(Records to use Opens)

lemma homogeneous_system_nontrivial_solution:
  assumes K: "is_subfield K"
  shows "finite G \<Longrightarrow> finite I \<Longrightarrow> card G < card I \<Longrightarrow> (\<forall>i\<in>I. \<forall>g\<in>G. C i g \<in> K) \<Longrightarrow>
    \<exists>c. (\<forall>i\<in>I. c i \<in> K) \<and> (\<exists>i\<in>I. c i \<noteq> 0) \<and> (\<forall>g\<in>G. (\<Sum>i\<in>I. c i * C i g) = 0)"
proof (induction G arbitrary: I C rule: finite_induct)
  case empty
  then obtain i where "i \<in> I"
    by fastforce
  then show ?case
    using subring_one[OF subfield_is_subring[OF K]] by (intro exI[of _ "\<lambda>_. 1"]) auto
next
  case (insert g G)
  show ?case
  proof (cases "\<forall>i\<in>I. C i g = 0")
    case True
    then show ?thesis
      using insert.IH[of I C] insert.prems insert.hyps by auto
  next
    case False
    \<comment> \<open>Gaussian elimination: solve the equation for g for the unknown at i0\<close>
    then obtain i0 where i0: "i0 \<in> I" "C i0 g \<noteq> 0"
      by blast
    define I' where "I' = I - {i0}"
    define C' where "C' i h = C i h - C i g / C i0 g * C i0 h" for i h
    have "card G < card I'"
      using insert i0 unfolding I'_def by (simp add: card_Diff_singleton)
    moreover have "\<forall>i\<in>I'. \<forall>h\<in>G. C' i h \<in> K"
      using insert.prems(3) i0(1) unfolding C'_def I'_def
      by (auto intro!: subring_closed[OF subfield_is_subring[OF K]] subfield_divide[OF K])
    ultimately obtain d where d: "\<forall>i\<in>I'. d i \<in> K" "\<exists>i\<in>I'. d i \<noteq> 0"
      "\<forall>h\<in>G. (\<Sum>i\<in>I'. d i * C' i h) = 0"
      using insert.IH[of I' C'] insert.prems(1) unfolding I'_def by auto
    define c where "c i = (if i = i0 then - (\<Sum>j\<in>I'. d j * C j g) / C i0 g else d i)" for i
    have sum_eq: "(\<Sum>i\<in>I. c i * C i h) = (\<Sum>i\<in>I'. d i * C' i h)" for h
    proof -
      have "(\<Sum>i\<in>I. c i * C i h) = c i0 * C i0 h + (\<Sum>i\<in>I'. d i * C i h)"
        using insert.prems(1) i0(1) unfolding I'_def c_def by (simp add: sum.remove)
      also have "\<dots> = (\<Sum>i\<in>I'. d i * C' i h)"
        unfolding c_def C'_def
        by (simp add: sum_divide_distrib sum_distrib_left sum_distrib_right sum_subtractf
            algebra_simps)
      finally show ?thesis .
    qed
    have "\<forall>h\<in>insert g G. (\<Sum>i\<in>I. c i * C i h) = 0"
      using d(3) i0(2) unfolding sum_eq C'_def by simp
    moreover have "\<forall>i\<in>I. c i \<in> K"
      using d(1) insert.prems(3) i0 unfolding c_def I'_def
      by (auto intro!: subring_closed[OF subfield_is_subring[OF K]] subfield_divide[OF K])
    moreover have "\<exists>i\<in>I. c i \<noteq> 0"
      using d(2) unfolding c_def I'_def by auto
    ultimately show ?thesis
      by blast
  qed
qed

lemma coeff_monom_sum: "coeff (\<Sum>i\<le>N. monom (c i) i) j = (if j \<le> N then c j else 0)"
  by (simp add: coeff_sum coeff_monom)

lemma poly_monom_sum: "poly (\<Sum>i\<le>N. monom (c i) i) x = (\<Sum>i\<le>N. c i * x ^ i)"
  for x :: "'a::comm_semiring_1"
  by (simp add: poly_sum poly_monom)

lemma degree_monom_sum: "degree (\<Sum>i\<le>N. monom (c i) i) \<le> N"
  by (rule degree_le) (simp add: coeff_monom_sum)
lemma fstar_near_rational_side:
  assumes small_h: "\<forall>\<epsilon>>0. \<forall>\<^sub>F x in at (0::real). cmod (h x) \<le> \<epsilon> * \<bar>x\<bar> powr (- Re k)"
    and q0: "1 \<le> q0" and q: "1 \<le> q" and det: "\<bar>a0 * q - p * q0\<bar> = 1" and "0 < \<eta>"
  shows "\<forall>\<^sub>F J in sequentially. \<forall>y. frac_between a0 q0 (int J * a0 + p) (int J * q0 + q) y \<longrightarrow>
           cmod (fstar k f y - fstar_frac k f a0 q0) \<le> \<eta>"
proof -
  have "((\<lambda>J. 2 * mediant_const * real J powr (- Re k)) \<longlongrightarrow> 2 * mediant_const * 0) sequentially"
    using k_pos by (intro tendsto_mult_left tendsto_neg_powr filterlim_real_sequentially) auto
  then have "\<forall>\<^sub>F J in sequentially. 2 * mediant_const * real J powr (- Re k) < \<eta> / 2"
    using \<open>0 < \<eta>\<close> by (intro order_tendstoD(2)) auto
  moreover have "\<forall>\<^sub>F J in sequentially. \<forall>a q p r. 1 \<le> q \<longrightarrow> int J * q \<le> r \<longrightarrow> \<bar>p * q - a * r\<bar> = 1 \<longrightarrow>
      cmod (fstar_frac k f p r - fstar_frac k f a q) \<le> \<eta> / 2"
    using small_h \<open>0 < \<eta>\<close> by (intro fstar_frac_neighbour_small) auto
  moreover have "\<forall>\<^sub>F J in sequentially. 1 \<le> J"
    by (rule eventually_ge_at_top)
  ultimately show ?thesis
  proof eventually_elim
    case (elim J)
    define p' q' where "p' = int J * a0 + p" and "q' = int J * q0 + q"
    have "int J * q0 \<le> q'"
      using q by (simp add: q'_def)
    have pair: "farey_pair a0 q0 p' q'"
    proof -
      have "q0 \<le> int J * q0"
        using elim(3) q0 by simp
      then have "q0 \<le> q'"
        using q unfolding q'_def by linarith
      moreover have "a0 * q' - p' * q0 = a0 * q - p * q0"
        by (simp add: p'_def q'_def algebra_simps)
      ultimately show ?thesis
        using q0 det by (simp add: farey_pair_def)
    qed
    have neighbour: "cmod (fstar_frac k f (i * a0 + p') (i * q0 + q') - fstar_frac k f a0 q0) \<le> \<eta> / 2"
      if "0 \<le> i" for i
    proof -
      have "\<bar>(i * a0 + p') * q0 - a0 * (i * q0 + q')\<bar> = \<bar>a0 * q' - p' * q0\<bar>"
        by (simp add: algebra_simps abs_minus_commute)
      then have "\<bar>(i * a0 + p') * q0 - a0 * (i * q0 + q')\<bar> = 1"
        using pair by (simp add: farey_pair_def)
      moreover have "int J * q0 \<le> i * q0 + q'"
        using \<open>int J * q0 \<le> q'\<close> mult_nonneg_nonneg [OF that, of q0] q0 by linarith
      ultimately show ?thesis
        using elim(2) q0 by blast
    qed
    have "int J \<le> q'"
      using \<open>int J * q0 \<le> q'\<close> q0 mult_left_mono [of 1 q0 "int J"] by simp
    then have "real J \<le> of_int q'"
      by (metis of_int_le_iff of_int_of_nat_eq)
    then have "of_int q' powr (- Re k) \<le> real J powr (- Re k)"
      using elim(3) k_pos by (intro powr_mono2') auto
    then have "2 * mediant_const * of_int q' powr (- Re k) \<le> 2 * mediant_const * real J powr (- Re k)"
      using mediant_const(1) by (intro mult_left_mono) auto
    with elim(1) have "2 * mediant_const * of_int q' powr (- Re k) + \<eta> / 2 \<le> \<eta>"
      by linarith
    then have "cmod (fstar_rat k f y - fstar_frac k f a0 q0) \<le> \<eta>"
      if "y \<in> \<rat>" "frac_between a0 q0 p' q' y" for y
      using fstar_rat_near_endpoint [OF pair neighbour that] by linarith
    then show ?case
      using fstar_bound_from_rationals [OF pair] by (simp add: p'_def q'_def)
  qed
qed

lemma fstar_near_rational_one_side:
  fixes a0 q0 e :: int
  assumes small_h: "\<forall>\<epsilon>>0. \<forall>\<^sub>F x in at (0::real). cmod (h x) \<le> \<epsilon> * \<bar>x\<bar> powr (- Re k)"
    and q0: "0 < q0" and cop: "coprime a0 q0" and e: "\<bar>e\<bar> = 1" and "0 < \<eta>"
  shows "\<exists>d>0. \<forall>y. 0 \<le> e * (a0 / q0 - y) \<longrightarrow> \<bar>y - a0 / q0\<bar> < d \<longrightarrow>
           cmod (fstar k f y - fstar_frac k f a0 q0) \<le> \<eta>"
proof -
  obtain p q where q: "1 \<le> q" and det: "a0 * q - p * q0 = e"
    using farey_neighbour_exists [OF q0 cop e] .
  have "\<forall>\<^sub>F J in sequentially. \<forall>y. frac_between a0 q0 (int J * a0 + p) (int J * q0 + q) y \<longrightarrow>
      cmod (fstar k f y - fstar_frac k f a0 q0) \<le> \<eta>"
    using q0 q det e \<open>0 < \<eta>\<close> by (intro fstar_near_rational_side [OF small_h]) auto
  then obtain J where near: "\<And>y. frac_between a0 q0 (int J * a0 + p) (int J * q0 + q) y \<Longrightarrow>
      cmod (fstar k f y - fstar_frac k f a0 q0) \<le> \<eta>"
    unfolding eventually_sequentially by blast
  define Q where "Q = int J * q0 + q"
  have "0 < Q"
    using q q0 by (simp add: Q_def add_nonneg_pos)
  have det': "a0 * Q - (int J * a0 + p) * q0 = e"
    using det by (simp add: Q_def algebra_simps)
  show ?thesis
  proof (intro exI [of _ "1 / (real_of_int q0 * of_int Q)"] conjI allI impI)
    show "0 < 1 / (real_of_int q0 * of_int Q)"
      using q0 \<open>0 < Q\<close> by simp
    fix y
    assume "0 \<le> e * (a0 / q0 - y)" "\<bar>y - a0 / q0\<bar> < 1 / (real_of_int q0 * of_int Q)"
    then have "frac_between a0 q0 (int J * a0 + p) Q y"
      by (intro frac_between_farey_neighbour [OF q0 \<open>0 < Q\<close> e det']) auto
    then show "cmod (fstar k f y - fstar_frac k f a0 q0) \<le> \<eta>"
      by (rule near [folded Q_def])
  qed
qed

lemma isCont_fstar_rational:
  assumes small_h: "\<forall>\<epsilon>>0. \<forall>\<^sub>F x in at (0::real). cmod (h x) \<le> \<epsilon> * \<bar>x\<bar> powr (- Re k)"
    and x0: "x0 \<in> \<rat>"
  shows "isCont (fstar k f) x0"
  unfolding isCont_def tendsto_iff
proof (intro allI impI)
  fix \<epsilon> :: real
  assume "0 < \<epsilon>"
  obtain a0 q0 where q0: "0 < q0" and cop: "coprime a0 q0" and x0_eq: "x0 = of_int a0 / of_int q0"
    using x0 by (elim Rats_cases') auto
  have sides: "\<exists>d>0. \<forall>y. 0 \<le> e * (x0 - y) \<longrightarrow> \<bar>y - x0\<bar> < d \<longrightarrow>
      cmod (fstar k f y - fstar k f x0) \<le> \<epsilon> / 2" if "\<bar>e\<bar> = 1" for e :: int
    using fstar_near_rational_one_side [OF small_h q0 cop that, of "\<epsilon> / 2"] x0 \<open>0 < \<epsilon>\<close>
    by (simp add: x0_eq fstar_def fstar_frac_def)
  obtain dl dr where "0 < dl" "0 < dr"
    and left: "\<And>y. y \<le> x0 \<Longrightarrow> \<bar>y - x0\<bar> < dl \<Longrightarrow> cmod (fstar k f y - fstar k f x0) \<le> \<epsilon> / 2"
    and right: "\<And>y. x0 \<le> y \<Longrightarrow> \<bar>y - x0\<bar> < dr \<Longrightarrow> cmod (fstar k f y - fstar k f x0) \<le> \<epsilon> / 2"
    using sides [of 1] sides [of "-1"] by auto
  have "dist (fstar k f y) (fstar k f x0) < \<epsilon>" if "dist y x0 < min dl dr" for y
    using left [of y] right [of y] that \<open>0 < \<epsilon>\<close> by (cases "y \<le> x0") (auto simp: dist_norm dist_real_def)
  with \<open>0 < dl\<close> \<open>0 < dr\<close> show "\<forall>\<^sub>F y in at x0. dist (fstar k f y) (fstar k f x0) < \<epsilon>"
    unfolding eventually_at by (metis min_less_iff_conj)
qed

(Records to use Closes)

Tell how many lines of the entries above include "linarith". The answer should be the number and nothing more.

*Answer area*: 4